First, the company acquired the two biggest workplace health clinic businesses and established itself as the clear market leader in that industry. As part of this process, it used its retail locations to serve employees outside of working hours and to help care for their dependants. This cemented relationships with employers who otherwise might have asked employees to get their prescriptions filled by mail order.

At the same time, the company developed new ways to leverage its convenient locations to serve health insurers. For example, in-depth, multisession counselling by pharmacists was offered to people with chronic diseases.

It also rolled out walk-in clinics in hundreds of its stores to aid customers with minor ailments at a much lower cost than physicians or emergency rooms offered.

Far from steering consumers away from Walgreens, insurers began incentivising people to use the company’s services.

The results
The new businesses have derived big competitive advantages from the core pharmacy business, while simultaneously protecting that business from key threats.

Company revenue and operating income have grown over the past four years, even while the recession weakened merchandise sales at the front of the stores. Walgreens has become the in-house supplier of healthcare services at hundreds of large companies and has developed into a partner to major health insurers in counselling their most costly members.

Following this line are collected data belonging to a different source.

(* Let $Z_p^{prim}(f)=\frac{C^R}{B_p}\sum_{j=1}^{B_p}\mathcal{L}(y_jf^Tx_j)+\rho R(f)-\eta\sum_{i\in\mathcal{N}_p}\Big(\big(f-\tfrac12(f_p(t)+f_i(t))\big)^T\epsilon^{pi}+\tfrac14\|\epsilon^{pi}\|^2\Big)$ for arbitrary vectors $f_p(t),f_i(t),\epsilon^{pi}\in\mathbb{R}^d$ (possibly random), and let $f^*_p=\arg\min_fZ_p^{prim}(f)$. Assume $R$ is twice differentiable with $\|\nabla^2R(f)\|\le\tau$ (operator norm) for all $f$, and that $\mathcal{L}'$ is continuous with $|\mathcal{L}'(a)-\mathcal{L}'(b)|\le c_4|a-b|$ for all $a,b$. Let $\alpha>0$ and let $\xi\in\mathbb{R}^d$ be a random vector with density proportional to $e^{-\zeta\|\xi\|}$, $\zeta=\frac{\rho B_p\alpha}{2C^R}$, and set $V^*_p=f^*_p+\xi$. Then for every $\delta\in(0,1)$, $$\mathbb{P}\Big(Z^{prim}_p(V^*_p)\le Z^{prim}_p(f^*_p)+\frac{4(C^R)^2d^2(\rho\tau+c_4C^R)\big(\ln(d/\delta)\big)^2}{\rho^2B_p^2\alpha^2}\Big)\ge1-\delta.$$
   Context: $d,B_p\ge1$ integers, $C^R>0$, $\rho>0$, $\eta>0$, $\mathcal{N}_p$ a finite index set. The dataset $((x_j,y_j))_{j=1}^{B_p}$ is fixed with $\|x_j\|\le1$, $y_j\in\{-1,1\}$. The loss $\mathcal{L}:\mathbb{R}\to\mathbb{R}$ is convex and differentiable with $|\mathcal{L}'|\le1$; $R$ is 1-strongly convex. $\|\cdot\|$ is the Euclidean norm. *)

theory Defs
  imports "HOL-Analysis.Analysis"
begin

definition strongly_convex :: "real \<Rightarrow> ('a::real_normed_vector \<Rightarrow> real) \<Rightarrow> bool" where
  "strongly_convex \<mu> R \<longleftrightarrow>
     (\<forall>x y t. 0 \<le> t \<and> t \<le> 1 \<longrightarrow>
        R (t *\<^sub>R x + (1 - t) *\<^sub>R y)
          \<le> t * R x + (1 - t) * R y - \<mu> / 2 * t * (1 - t) * (norm (x - y))\<^sup>2)"

definition norm_laplace :: "real \<Rightarrow> 'a::euclidean_space measure" where
  "norm_laplace \<zeta> = density lborel
     (\<lambda>\<xi>. ennreal (exp (- \<zeta> * norm \<xi>) / (\<integral>z. exp (- \<zeta> * norm (z::'a)) \<partial>lborel)))"

definition Zprim :: "real \<Rightarrow> nat \<Rightarrow> (real \<Rightarrow> real) \<Rightarrow> (nat \<Rightarrow> 'a::euclidean_space)
    \<Rightarrow> (nat \<Rightarrow> real) \<Rightarrow> real \<Rightarrow> ('a \<Rightarrow> real) \<Rightarrow> real \<Rightarrow> 'i set \<Rightarrow> 'a \<Rightarrow> ('i \<Rightarrow> 'a)
    \<Rightarrow> ('i \<Rightarrow> 'a) \<Rightarrow> 'a \<Rightarrow> real" where
  "Zprim CR B L x y \<rho> R \<eta> N fp fi \<epsilon> f =
     CR / real B * (\<Sum>j = 1..B. L (y j * (f \<bullet> x j))) + \<rho> * R f
     - \<eta> * (\<Sum>i\<in>N. (f - (1/2) *\<^sub>R (fp + fi i)) \<bullet> \<epsilon> i + (1/4) * (norm (\<epsilon> i))\<^sup>2)"

end

theory Submission
  imports Defs "HOL-Real_Asymp.Real_Asymp" "HOL-Probability.Probability_Measure"
begin

text \<open>
  At the minimiser f* the derivative of Z vanishes, and that derivative is Lipschitz with
  constant K = \<rho>\<tau> + c4 C^R (the loss term through c4 and \<parallel>x_j\<parallel> \<le> 1, the regulariser through the
  Hessian bound). The descent lemma then gives Z(f* + \<xi>) \<le> Z(f*) + K/2 \<parallel>\<xi>\<parallel>^2, so it suffices that
  \<parallel>\<xi>\<parallel> \<le> T = 4 d ln(d/\<delta>) / (3\<zeta>) with probability at least 1 - \<delta>. Writing e^(-\<zeta>\<parallel>z\<parallel>) as the
  integral of \<zeta> e^(-\<zeta>s) over s \<ge> \<parallel>z\<parallel> and integrating over balls first shows that \<parallel>\<xi>\<parallel> is
  Gamma(d, \<zeta>) distributed: P(\<parallel>\<xi>\<parallel> > t) = e^(-\<zeta>t) \<Sum>n<d. (\<zeta>t)^n / n!. Bounding the partial sum
  by 4^(d-1) e^(\<zeta>t/4) yields P(\<parallel>\<xi>\<parallel> > T) \<le> 4^(d-1) (\<delta>/d)^d \<le> \<delta>.
\<close>

section \<open>Radial integrals of the exponential\<close>

lemma has_real_derivative_exp_partial_sum:
  "((\<lambda>x. - exp (- x) * (\<Sum>n<Suc k. x ^ n / fact n)) has_real_derivative exp (- x) * x ^ k / fact k) (at x)"
proof (induction k)
  case 0
  show ?case by (auto intro!: derivative_eq_intros)
next
  case (Suc k)
  have "((\<lambda>x. exp (- x) * x ^ Suc k) has_real_derivative
          exp (- x) * (real (Suc k) * x ^ k) - exp (- x) * x ^ Suc k) (at x)"
    by (auto intro!: derivative_eq_intros simp del: power_Suc)
  then have "((\<lambda>x. exp (- x) * x ^ Suc k / fact (Suc k)) has_real_derivative
          (exp (- x) * (real (Suc k) * x ^ k) - exp (- x) * x ^ Suc k) / fact (Suc k)) (at x)"
    by (rule DERIV_cdivide)
  also have "(exp (- x) * (real (Suc k) * x ^ k) - exp (- x) * x ^ Suc k) / fact (Suc k)
      = exp (- x) * x ^ k / fact k - exp (- x) * x ^ Suc k / fact (Suc k)"
    by (simp add: diff_divide_distrib del: of_nat_Suc)
  finally have "((\<lambda>x. - exp (- x) * (\<Sum>n<Suc k. x ^ n / fact n) - exp (- x) * x ^ Suc k / fact (Suc k))
      has_real_derivative exp (- x) * x ^ Suc k / fact (Suc k)) (at x)"
    by (rule DERIV_diff[OF Suc.IH, THEN DERIV_cong]) (simp del: fact_Suc)
  then show ?case by (simp add: algebra_simps)
qed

It has also expanded its share of prescriptions and developed new revenue streams from services such as counselling.

The lessons
A company facing competitors with asymmetric advantages needs to find ways to change the game. The seemingly vulnerable core business may contain hidden assets – such as underused pharmacists, long opening hours and convenient locations – that could boost new offerings.

By stepping outside of how its industry has traditionally defined itself, a company can evaluate the broad range of challenges faced by important customers or business partners, and it can leverage hidden assets to meet these needs in ways that few others can.